File metadata and controls

130 lines (90 loc) · 5.13 KB

Cartpole Environment

Simulation and control environment for the cartpole.

Package contents

  1. model.pdf physical model description
  2. base.py common functionality (here is defined the reward function)
  3. cartpole.py simulated environment
  4. cartpole_rr.py real robot environment
  5. example\* example scripts

Brief Introduction to the Cartpole

The carpole is a classic environment used in control and in reinforcement learning. It consists in a pole attached to a cart moving on a horizontal track. The only actuated part of the system is the cart, which can be controlled usually by a horizontal force, or in our case by the voltage in input of the cart's engine.

We propose two classic tasks:

  1. Pole balancing
  2. Pole swing-up.

Pole balancing requires just to keep the pole balanced in vertical position without exceeding a certain treshold. Pole swing-up requires to swing-up the pole from the resting position and then balance it.

Our System

Our Quanser platform, located in Room E303 S2|02, is a system provided with two poles with different lenght and mass. It is possible to easily mount the desired pole on the cart. For this reasons, we defined in our framework only two different environments:

  1. CartpoleStabRR-v0
  2. CartpoleSwingRR-v0.

For the simulation, instead, we need to specify the desired pendulum as the dynamics will change. For this reasons we defined four environment:

  1. CartpoleStabShort-v0
  2. CartpoleSwingShort-v0
  3. CartpoleStabLong-v0
  4. CartpoleSwingLong-v0

where clearly "long" stands for the long pole, while "short" for the short one.

Observation of the state space

The overall system can be described with two entities: the position x of the cart on the track and the angle of the pole theta. cartpole In order to control the system, we also need the derivates of this quantities, x_dot and theta_dot. In order to make the controller easier, and robust to angles which are out of the range (-pi, pi), we provide the cosine and the sine of theta.

Observation's state description:

Position 0 1 2 3 4
Semantic x sin(theta) cos(theta) x_dot theta_dot

Balancing Task for the Real System

Every time we need to interact with the environment, we need to call the reset method, which will calibrate the system/. This method will position the pendulum in the center of the track. The reset will not return however until the pendulum is positioned in upright position. In this way, your controller will be activated as soon as the pole is already in upright position.
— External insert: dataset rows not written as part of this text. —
(* Let $s\ge 4$ be an integer and $G\in\mathcal G^s_2$. Then $\lambda(G)\ge v(G)/(s+1)$.
   Context: All graphs are finite and simple. For integers $1\le r\le s$, $\mathcal G^s_r$ denotes the set of graphs in which every vertex has degree at least $r$ and at most $s$. $v(G)$ is the number of vertices of $G$. $\lambda(G)$ denotes the maximum number of pairwise vertex-disjoint subgraphs of $G$ each of which is a path with exactly two edges. *)

theory Defs
  imports Complex_Main
begin

definition simple_graph :: "'a set \<Rightarrow> ('a \<Rightarrow> 'a \<Rightarrow> bool) \<Rightarrow> bool" where
  "simple_graph V E \<longleftrightarrow> finite V \<and> (\<forall>u v. E u v \<longrightarrow> u \<in> V \<and> v \<in> V)
     \<and> (\<forall>u v. E u v \<longrightarrow> E v u) \<and> (\<forall>v. \<not> E v v)"

definition degree :: "'a set \<Rightarrow> ('a \<Rightarrow> 'a \<Rightarrow> bool) \<Rightarrow> 'a \<Rightarrow> nat" where
  "degree V E v = card {u \<in> V. E v u}"

definition in_class :: "nat \<Rightarrow> nat \<Rightarrow> 'a set \<Rightarrow> ('a \<Rightarrow> 'a \<Rightarrow> bool) \<Rightarrow> bool" where
  "in_class r s V E \<longleftrightarrow> simple_graph V E \<and> (\<forall>v\<in>V. r \<le> degree V E v \<and> degree V E v \<le> s)"

definition is_P3 :: "('a \<Rightarrow> 'a \<Rightarrow> bool) \<Rightarrow> 'a \<times> 'a \<times> 'a \<Rightarrow> bool" where
  "is_P3 E p = (case p of (a, b, c) \<Rightarrow> a \<noteq> c \<and> E a b \<and> E b c)"

definition P3_verts :: "'a \<times> 'a \<times> 'a \<Rightarrow> 'a set" where
  "P3_verts p = (case p of (a, b, c) \<Rightarrow> {a, b, c})"

definition P3_packing :: "('a \<Rightarrow> 'a \<Rightarrow> bool) \<Rightarrow> ('a \<times> 'a \<times> 'a) set \<Rightarrow> bool" where
  "P3_packing E P \<longleftrightarrow> (\<forall>p\<in>P. is_P3 E p)
     \<and> (\<forall>p\<in>P. \<forall>q\<in>P. p \<noteq> q \<longrightarrow> P3_verts p \<inter> P3_verts q = {})"

definition lambda :: "'a set \<Rightarrow> ('a \<Rightarrow> 'a \<Rightarrow> bool) \<Rightarrow> nat" where
  "lambda V E = Max {card P | P. P3_packing E P \<and> finite P}"

end

theory Submission
  imports Defs
begin

text \<open>Cover the vertex set by vertex-disjoint rooted subtrees of \<open>G\<close> of depth at most 2, each
  with at least three vertices. Every such tree contains a path with two edges, so \<open>\<lambda>(G)\<close> is at
  least the number of trees. Covers exist: take a maximal set of vertices at pairwise distance at
  least 3 as roots; every vertex lies within distance 2 of a root, and minimum degree 2 gives
  each tree at least three vertices. Among all covers choose one minimising the total excess
  \<open>\<Sum> max 0 (|T| - (s + 1))\<close> and then the sum of depths. A tree with more than \<open>s + 1\<close>
  vertices has a leaf \<open>y\<close> at depth 2, because its root has at most \<open>s\<close> neighbours. At the
  optimum every depth-1 vertex has at most one child, and \<open>y\<close> has a neighbour \<open>z\<close> besides its
  parent; depending on where \<open>z\<close> sits, re-hanging \<open>y\<close> below \<open>z\<close> or carving a new three-vertex
  tree out of a path through \<open>y\<close> would decrease the potential. So all trees have at most
  \<open>s + 1\<close> vertices, there are at least \<open>n / (s + 1)\<close> of them, and \<open>\<lambda>(G) \<ge> n / (s + 1)\<close>.\<close>

lemma sum_mono_except_pair:
  fixes f g :: "'b \<Rightarrow> 'c :: ordered_comm_monoid_add"
  assumes "finite A" "a \<in> A" "b \<in> A" "a \<noteq> b"
    and "\<And>x. x \<in> A \<Longrightarrow> x \<noteq> a \<Longrightarrow> x \<noteq> b \<Longrightarrow> g x \<le> f x"
    and "g a + g b \<le> f a + f b"
  shows "sum g A \<le> sum f A"
proof -
  have split: "sum h A = h a + h b + sum h (A - {a} - {b})" for h :: "'b \<Rightarrow> 'c"
    using assms(1-4) by (simp add: sum.remove[of A a] sum.remove[of "A - {a}" b] add.assoc)
  have "sum g (A - {a} - {b}) \<le> sum f (A - {a} - {b})"
    using assms(5) by (intro sum_mono) auto
  then show ?thesis
    unfolding split[of g] split[of f] using assms(6) by (rule add_mono[rotated])
qed

locale finite_simple_graph =
  fixes V :: "'a set" and E :: "'a \<Rightarrow> 'a \<Rightarrow> bool"
  assumes finite_V: "finite V"
    and edge_in_V: "E u v \<Longrightarrow> u \<in> V \<and> v \<in> V"
    and edge_sym: "E u v \<Longrightarrow> E v u"
    and edge_irrefl: "\<not> E v v"
begin

lemma P3_packing_finite:
  assumes "P3_packing E P"
  shows "finite P"
proof (rule finite_subset)
  show "P \<subseteq> V \<times> V \<times> V"
    using assms edge_in_V by (fastforce simp: P3_packing_def is_P3_def)
  show "finite (V \<times> V \<times> V)"
    using finite_V by simp
qed

lemma card_le_lambda:
  assumes "P3_packing E P"
  shows "card P \<le> lambda V E"
proof -
  have "{card Q | Q. P3_packing E Q \<and> finite Q} \<subseteq> {..card (V \<times> V \<times> V)}"
    using edge_in_V finite_V
    by (fastforce intro!: card_mono simp: P3_packing_def is_P3_def)
  then have "finite {card Q | Q. P3_packing E Q \<and> finite Q}"
    using finite_subset by blast
  then show ?thesis
    unfolding lambda_def using assms P3_packing_finite by (blast intro: Max_ge)
qed

lemma card_le_lambda_if_disjoint_P3s:
  assumes "finite I"
    and P3: "\<And>i. i \<in> I \<Longrightarrow> \<exists>p. is_P3 E p \<and> P3_verts p \<subseteq> A i"
    and disjoint: "\<And>i j. i \<in> I \<Longrightarrow> j \<in> I \<Longrightarrow> i \<noteq> j \<Longrightarrow> A i \<inter> A j = {}"
  shows "card I \<le> lambda V E"
proof -
  define f where "f i = (SOME p. is_P3 E p \<and> P3_verts p \<subseteq> A i)" for i
  have f: "is_P3 E (f i) \<and> P3_verts (f i) \<subseteq> A i" if "i \<in> I" for i
    unfolding f_def using someI_ex[OF P3[OF that]] .
  have nonempty: "P3_verts p \<noteq> {}" for p :: "'a \<times> 'a \<times> 'a"
    by (cases p) (simp add: P3_verts_def)
  have "inj_on f I"
  proof (rule inj_onI, rule ccontr)
    fix i j assume "i \<in> I" "j \<in> I" "f i = f j" "i \<noteq> j"
    then show False
      using f[of i] f[of j] disjoint[of i j] nonempty[of "f i"] by auto
  qed
  moreover have "P3_packing E (f ` I)"
    unfolding P3_packing_def
  proof (intro conjI ballI impI)
    fix p assume "p \<in> f ` I"
    then show "is_P3 E p" using f by blast
  next
    fix p q assume "p \<in> f ` I" "q \<in> f ` I" "p \<noteq> q"
    then obtain i j where "i \<in> I" "j \<in> I" "i \<noteq> j" "p = f i" "q = f j" by blast
    then show "P3_verts p \<inter> P3_verts q = {}"
      using f[of i] f[of j] disjoint[of i j] by blast
  qed
  ultimately show ?thesis
    using card_le_lambda[of "f ` I"] card_image[of f I] by simp
qed

definition root :: "('a \<Rightarrow> 'a) \<Rightarrow> ('a \<Rightarrow> nat) \<Rightarrow> 'a \<Rightarrow> 'a" where
  "root par lev v = (if lev v = 0 then v else if lev v = 1 then par v else par (par v))"

definition part :: "('a \<Rightarrow> 'a) \<Rightarrow> ('a \<Rightarrow> nat) \<Rightarrow> 'a \<Rightarrow> 'a set" where
  "part par lev r = {v \<in> V. root par lev v = r}"

definition children :: "('a \<Rightarrow> 'a) \<Rightarrow> ('a \<Rightarrow> nat) \<Rightarrow> 'a \<Rightarrow> 'a set" where
  "children par lev x = {v \<in> V. lev v \<noteq> 0 \<and> par v = x}"

definition hangs :: "('a \<Rightarrow> 'a) \<Rightarrow> ('a \<Rightarrow> nat) \<Rightarrow> 'a \<Rightarrow> bool" where
  "hangs par lev v \<longleftrightarrow>
     lev v \<le> 2 \<and> (lev v \<noteq> 0 \<longrightarrow> par v \<in> V \<and> E v (par v) \<and> Suc (lev (par v)) = lev v)"

text \<open>\<open>par\<close> and \<open>lev\<close> encode a spanning forest: \<open>lev v\<close> is the depth of \<open>v\<close> and \<open>par v\<close> its
  parent (irrelevant at the roots); the trees are the parts of the roots.\<close>
definition tree_cover :: "('a \<Rightarrow> 'a) \<Rightarrow> ('a \<Rightarrow> nat) \<Rightarrow> bool" where
  "tree_cover par lev \<longleftrightarrow>
     (\<forall>v\<in>V. hangs par lev v) \<and> (\<forall>r\<in>V. lev r = 0 \<longrightarrow> 3 \<le> card (part par lev r))"

definition depth_sum :: "('a \<Rightarrow> nat) \<Rightarrow> nat" where
  "depth_sum lev = (\<Sum>v\<in>V. lev v)"

lemma finite_part: "finite (part par lev r)"
  using finite_V by (simp add: part_def)

lemma finite_children: "finite (children par lev x)"
  using finite_V by (simp add: children_def)

lemma mem_part_root: "v \<in> V \<Longrightarrow> v \<in> part par lev (root par lev v)"
  by (simp add: part_def)

lemma parts_disjoint: "r \<noteq> r' \<Longrightarrow> part par lev r \<inter> part par lev r' = {}"
  by (auto simp: part_def)

lemma depth_sum_less:
  assumes "\<And>v. v \<in> V \<Longrightarrow> lev' v \<le> lev v" "y \<in> V" "lev' y < lev y"
  shows "depth_sum lev' < depth_sum lev"
  unfolding depth_sum_def using assms finite_V by (intro sum_strict_mono_ex1) auto

lemma depth_sum_shift:
  assumes "A \<subseteq> V" "B \<subseteq> V" "\<And>v. lev' v + of_bool (v \<in> A) = lev v + of_bool (v \<in> B)"
  shows "depth_sum lev' + card A = depth_sum lev + card B"
proof -
  have "(\<Sum>v\<in>V. lev' v + of_bool (v \<in> A)) = (\<Sum>v\<in>V. lev v + of_bool (v \<in> B))"
    using assms(3) by simp
  moreover have "V \<inter> A = A" "V \<inter> B = B"
    using assms(1,2) by blast+
  ultimately show ?thesis
    using finite_V by (simp add: sum.distrib depth_sum_def Int_def)
qed

definition scattered :: "'a set \<Rightarrow> bool" where
  "scattered I \<longleftrightarrow> I \<subseteq> V \<and> (\<forall>a\<in>I. \<forall>b\<in>I. a \<noteq> b \<longrightarrow> \<not> E a b \<and> (\<forall>u. \<not> (E a u \<and> E u b)))"

lemma scattered_no_common_neighbour:
  "scattered I \<Longrightarrow> a \<in> I \<Longrightarrow> b \<in> I \<Longrightarrow> E a u \<Longrightarrow> E u b \<Longrightarrow> a = b"
  unfolding scattered_def by blast

lemma scattered_independent: "scattered I \<Longrightarrow> a \<in> I \<Longrightarrow> b \<in> I \<Longrightarrow> \<not> E a b"
  unfolding scattered_def by (metis edge_irrefl)

lemma scattered_dominating:
  obtains I where "scattered I"
    and "\<And>v. v \<in> V - I \<Longrightarrow> (\<exists>a\<in>I. E v a) \<or> (\<exists>u. \<exists>a\<in>I. E v u \<and> E u a)"
proof -
  have "\<forall>J. scattered J \<longrightarrow> card J < Suc (card V)"
    using finite_V card_mono by (auto simp: scattered_def less_Suc_eq_le)
  then obtain I where I: "scattered I" and max: "\<And>J. scattered J \<Longrightarrow> card J \<le> card I"
    using ex_has_greatest_nat[of scattered "{}" card "Suc (card V)"] by (auto simp: scattered_def)
  have "finite I"
    using I finite_V finite_subset by (auto simp: scattered_def)
  have "(\<exists>a\<in>I. E v a) \<or> (\<exists>u. \<exists>a\<in>I. E v u \<and> E u a)" if v: "v \<in> V - I" for v
  proof (rule ccontr)
    assume "\<not> ?thesis"
    then have "scattered (insert v I)"
      using I v edge_sym unfolding scattered_def by blast
    then show False
      using max[of "insert v I"] \<open>finite I\<close> v by simp
  qed
  then show ?thesis using that I by blast
qed

lemma Suc_degree_le_card_part:
  assumes "r \<in> V" "lev r = 0" "\<And>u. E r u \<Longrightarrow> lev u = 1 \<and> par u = r"
  shows "Suc (degree V E r) \<le> card (part par lev r)"
proof -
  have "insert r {u \<in> V. E r u} \<subseteq> part par lev r"
    using assms by (auto simp: part_def root_def)
  moreover have "card (insert r {u \<in> V. E r u}) = Suc (degree V E r)"
    using finite_V edge_irrefl by (simp add: degree_def)
  ultimately show ?thesis
    using card_mono[OF finite_part] by metis
qed

lemma tree_cover_exists:
  assumes min_degree: "\<And>v. v \<in> V \<Longrightarrow> 2 \<le> degree V E v"
  obtains par lev where "tree_cover par lev"
proof -
  obtain I where I: "scattered I"
    and dominating: "\<And>v. v \<in> V - I \<Longrightarrow> (\<exists>a\<in>I. E v a) \<or> (\<exists>u. \<exists>a\<in>I. E v u \<and> E u a)"
    using scattered_dominating by blast
  define lev where "lev v = (if v \<in> I then 0 else if \<exists>a\<in>I. E v a then 1 else 2 :: nat)" for v
  define par where "par v = (if \<exists>a\<in>I. E v a then SOME a. a \<in> I \<and> E v a
    else SOME u. \<exists>a\<in>I. E v u \<and> E u a)" for v
  have par1: "par v \<in> I \<and> E v (par v)" if "\<exists>a\<in>I. E v a" for v
    using that someI_ex[of "\<lambda>a. a \<in> I \<and> E v a"] by (auto simp: par_def)
  have par2: "\<exists>a\<in>I. E v (par v) \<and> E (par v) a" if "\<not> (\<exists>a\<in>I. E v a)" "v \<in> V - I" for v
    using that dominating[OF that(2)] someI_ex[of "\<lambda>u. \<exists>a\<in>I. E v u \<and> E u a"]
    by (auto simp: par_def)
  have "hangs par lev v" if v: "v \<in> V" for v
  proof -
    consider "v \<in> I" | "v \<notin> I" "\<exists>a\<in>I. E v a" | "v \<in> V - I" "\<not> (\<exists>a\<in>I. E v a)"
      using v by blast
    then show ?thesis
    proof cases
      case 2
      then show ?thesis
        using par1 I edge_in_V by (auto simp: hangs_def lev_def scattered_def)
    next
      case 3
      then show ?thesis
        using par2 edge_in_V by (fastforce simp: hangs_def lev_def)
    qed (simp add: hangs_def lev_def)
  qed
  moreover have "3 \<le> card (part par lev r)" if "r \<in> V" "lev r = 0" for r
  proof -
    have "r \<in> I"
      using that by (simp add: lev_def split: if_splits)
    have "lev u = 1 \<and> par u = r" if "E r u" for u
    proof -
      have "u \<notin> I" "E u r"
        using scattered_independent[OF I \<open>r \<in> I\<close>] that edge_sym by blast+
      moreover have "par u \<in> I \<and> E u (par u)"
        using par1 \<open>r \<in> I\<close> \<open>E u r\<close> by blast
      then have "par u = r"
        using scattered_no_common_neighbour[OF I \<open>r \<in> I\<close>, of "par u" u] that by simp
      ultimately show ?thesis
        using \<open>r \<in> I\<close> by (auto simp: lev_def)
    qed
    then show ?thesis
      using Suc_degree_le_card_part[of r lev par] min_degree[of r] that by fastforce
  qed
  ultimately have "tree_cover par lev"
    by (simp add: tree_cover_def)
  then show ?thesis
    using that by blast
qed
The pendulum needs to be positioned slowly and gently in its upright position.

Swing-up the task for the Real System

Here the reset function will position the cart in the center of the track, and a energy-based controller will try to stabilize as quickly as possible the pendulum in its resting position. As soon as the pole is resting down, then the reset function will return and the controller is enabled to try to swing up the system.

When using the real system, we strongly recommend to be promptly ready to turn off the amplifier if some unexpected or dangerous behaviour arises.

Control

To control the real robot, you must be in the same local network with the control PC of the double pendulum. The easiest way is to connect directly via an Ethernet cable. By default, the control PC has the IP address 192.172.162.1. The IP address can be changed in quanser_robots/cartpole/__init__.py.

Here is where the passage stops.